**Stored data**
(* Let $N>20$ be an integer and let $w$ be the weight defined below. Then there are absolute constants $0<c_1\le c_2$, $c_3>0$ (independent of $N$) such that $\int_0^1w=1$, $c_1N\le[w]_{A_1}\le c_2N$, and $\sum_{k=2}^N|I_k|\ge c_3N^2$ with $w(x)>x$ for all $x\in I_k$, $2\le k\le N$; in particular $|\{x\in(1,\infty):w(x)>x\}|\ge c_3N^2$.
   Context: Construction. For $k=2,\dots,N$ let $J_k=[2^k,2^{k+1})$, $I_k=[2^k,2^k+k)$, $L_k=[2^k+k,2^{k+1})$, $\ell_k=(2^k-k)/2$ (half the length of $L_k$) and $c_k=2^k+k+\ell_k$ (the center of $L_k$). For $j=1,\dots,k-1$ set $(L_k^-)^j=[c_k-\ell_k(1-2^{-j}),\,c_k-\ell_k(1-2^{-(j-1)}))$ and $(L_k^+)^j=[c_k+\ell_k(1-2^{-(j-1)}),\,c_k+\ell_k(1-2^{-j}))$, and set $(L_k^-)^k=[2^k+k,\,2^k+k+\ell_k2^{-(k-1)})$, $(L_k^+)^k=[2^{k+1}-\ell_k2^{-(k-1)},\,2^{k+1})$. These intervals, together with $I_k$, partition $J_k$; $|(L_k^\pm)^j|=(2^k-k)2^{-(j+1)}$ for $j<k$ and $|(L_k^\pm)^k|=(2^k-k)2^{-k}$. Define $w_k=2^{k+1}\chi_{I_k}+\sum_{j=1}^k2^j\chi_{(L_k^-)^j\cup(L_k^+)^j}$. Define $w$ on $[0,2^{N+2}]$ by $w(x)=\chi_{[0,4)}(x)+\sum_{k=2}^Nw_k(x)$ for $x\in[0,2^{N+1})$, $w(2^{N+1})=2^N$, and $w(x)=w(2^{N+2}-x)$ for $x\in[2^{N+1},2^{N+2}]$, and extend $w$ to $\mathbb{R}$ periodically with period $2^{N+2}$. A weight $w\ge0$ on $\mathbb{R}$ is in $A_1$ if $\frac1{|I|}\int_Iw\le C\operatorname{ess\,inf}_Iw$ for all intervals $I$; $[w]_{A_1}$ is the least such $C$. *)

theory Defs
  imports "HOL-Analysis.Analysis"
begin

text \<open>The intervals of the construction, for k \<ge> 2 and 1 \<le> j \<le> k.\<close>

definition Iint :: "nat \<Rightarrow> real set" where
  "Iint k = {2^k ..< 2^k + real k}"

definition ell :: "nat \<Rightarrow> real" where
  "ell k = (2^k - real k) / 2"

**Exercise requirements**
Look for the word "where". Copy out every line of the data that has it.

**Written response**
definition Iint :: "nat \<Rightarrow> real set" where
definition ell :: "nat \<Rightarrow> real" where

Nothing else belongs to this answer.